Funding and Collaboration
Data Science for Biomedical Scientists is funded by The Alan Turing Institute’s AI for Science and Government (ASG) Research Programme. It is an extension of The Crick-Turing Biomedical Data Science Awards that strongly indicated an urgent need to provide introductory resources for data science in bioscience researchers. This project extension will leverage strategic engagement between Turing’s data science community and Crick’s biosciences communities.
Pulling together existing training materials, infrastructure support and domain expertise from The Alan Turing Institute, The Turing Way, The Carpentries, Open Life Science and the Turing ‘omics interest group, we will design and deliver a resource that is accessible and comprehensible for the biomedical and wet-lab biology researchers.

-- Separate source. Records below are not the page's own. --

(* Consider a memoryless channel with finite input alphabet $\mathcal X$ and arbitrary output alphabet $\mathcal Y$, with equiprobable inputs. Then for every real $k\ge1$, $$\mathbb{E}\Bigl[\bigl|i(X;Y)-I(X;Y)\bigr|^k\Bigr]\le\Bigl(2\log|\mathcal X|+\frac{k}{\ln2}\bigl(1+|\mathcal X|^{1/k}\bigr)\Bigr)^k.$$
   Context: $X$ is uniform on $\mathcal X$ and $Y$ is the channel output, so that $(X,Y)\sim P_XP_{Y|X}$. Logarithms are base 2 and $\ln$ is the natural logarithm. The information density is $$i(x;y)=\log\frac{P_{Y|X}(y|x)}{P_Y(y)},\qquad P_Y(y)=\frac1{|\mathcal X|}\sum_{x'}P_{Y|X}(y|x'),$$ and $I(X;Y)=\mathbb{E}[i(X;Y)]$ is the mutual information. *)

theory Defs
  imports "HOL-Analysis.Analysis"
begin

text \<open>Channel with finite input alphabet (the finite type 'a, uniform input distribution)
  and arbitrary output measurable space, described by transition densities
  W x y = P_{Y|X}(y|x) with respect to a reference measure mu on the output space.\<close>

definition out_density :: "('a::finite \<Rightarrow> 'b \<Rightarrow> real) \<Rightarrow> 'b \<Rightarrow> real" where
  "out_density W y = (\<Sum>x\<in>UNIV. W x y) / real CARD('a)"

definition info_density :: "('a::finite \<Rightarrow> 'b \<Rightarrow> real) \<Rightarrow> 'a \<Rightarrow> 'b \<Rightarrow> real" where
  "info_density W x y = log 2 (W x y / out_density W y)"

definition mutual_info :: "'b measure \<Rightarrow> ('a::finite \<Rightarrow> 'b \<Rightarrow> real) \<Rightarrow> real" where
  "mutual_info \<mu> W = (\<Sum>x\<in>UNIV. \<integral>y. W x y * info_density W x y \<partial>\<mu>) / real CARD('a)"

end

theory Submission imports Defs begin

(*
  Write n = |X|, p = P_Y, a = 2 log n and c = k/ln 2 * (1 + n^(1/k)), s = a + c.
  The proof is pointwise in the output y:
   (1) |I(X;Y)| <= log n, because each conditional divergence D(W_x || P_Y) lies in
       [0, log n] (Gibbs' inequality below, W_x <= n P_Y above);
   (2) for t = W_x(y)/P_Y(y) <= n one has |log t - I| <= a + max 0 (-log t); a
       convexity estimate for z^k splits the k-th power of this sum into a part
       linear in W_x and a part controlled by t (max 0 (-log t))^k <= (k/ln 2)^k;
   (3) hence W_x |i - I|^k <= s^(k-1) (a W_x + c P_Y); summing over x and using
       n P_Y = sum_x W_x gives at most s^k sum_x W_x, whose integral is n s^k.
*)

section \<open>Real-analysis estimates\<close>

text \<open>Convexity of z^k, applied to the point (a+b)/(a+c) written as a convex combination
  of 1 and b/c with weights a/(a+c) and c/(a+c).\<close>
lemma powr_add_le_convex_split:
  fixes a b c k :: real
  assumes a: "a \<ge> 0" and b: "b \<ge> 0" and c: "c > 0" and k: "k \<ge> 1"
  shows "(a + b) powr k \<le> (a + c) powr (k - 1) * (a + c powr (1 - k) * b powr k)"
proof (cases "b = 0")
  case True
  have "a powr k \<le> (a + c) powr (k - 1) * a"
  proof (cases "a = 0")
    case False
    have "a powr k = a powr (k - 1) * a" using False a by (simp add: powr_diff)
    also have "\<dots> \<le> (a + c) powr (k - 1) * a"
      using a c k by (intro mult_right_mono powr_mono2) auto
    finally show ?thesis .
  qed (use k in simp)
  then show ?thesis using True k by simp
next
  case False
  define s where "s = a + c"
  have s: "s > 0" using a c s_def by simp
  define u where "u = c / s"
  have u: "0 \<le> u" "u \<le> 1" using a c s by (auto simp: u_def s_def)
  have one_minus_u: "1 - u = a / s" using s by (simp add: u_def s_def field_simps)
  have "(1 - u) *\<^sub>R 1 + u *\<^sub>R (b / c) = a / s + (c / s) * (b / c)"
    unfolding one_minus_u by (simp add: u_def)
  also have "\<dots> = (a + b) / s" using s c by (simp add: field_simps)
  finally have combination: "(1 - u) *\<^sub>R 1 + u *\<^sub>R (b / c) = (a + b) / s" .
  have "((1 - u) *\<^sub>R 1 + u *\<^sub>R (b / c)) powr k \<le> (1 - u) * 1 powr k + u * (b / c) powr k"
    using convex_onD[OF powr_convex[OF k], of u 1 "b / c"] u b c False by simp
  then have jensen: "((a + b) / s) powr k \<le> (1 - u) + u * (b / c) powr k"
    unfolding combination by simp
  have "(a + b) powr k = s powr k * ((a + b) / s) powr k"
    using s a b by (simp add: powr_divide)
  also have "\<dots> \<le> s powr k * ((1 - u) + u * (b / c) powr k)"
    using jensen s by (intro mult_left_mono) auto
  also have "\<dots> = s powr k * (a / s + (c / s) * (b powr k / c powr k))"
    unfolding one_minus_u using b c by (simp add: u_def powr_divide)
  also have "\<dots> = s powr (k - 1) * (a + c powr (1 - k) * b powr k)"
    using s c by (simp add: powr_diff field_simps)
  finally show ?thesis by (simp add: s_def)
qed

This project will build on two main focus areas of the Turing Institute’s AI for Science and Government research programmes: good data science practice; and effective communication with stakeholders. In building this project, we will integrate the Tools, practices and systems (TPS) Research Programme’s core values: build trustworthy systems; embed transparent reporting practices; promote inclusive interoperable design; maintain ethical integrity and encourage respectful co-creation.
Exercise/Discussion/Reflection
- What is your primary motivation to learn about the potential of data science and AI in your research field?
- What do you hope to learn by the end of this course?
License
All materials are developed online openly under CC-BY 4.0 License using The Carpentries training format and The Carpentries Incubator lesson infrastructure.
Key Points
This workshop is developed for mid-career and senior researchers in biomedical and biosciences fields.
This workshop aims to build a shared understanding of data science and AI in the context of biomedicine and related fields.
Without going into underlying technical details, the contents provide a general overview and present selected case studies of biomedical relevance.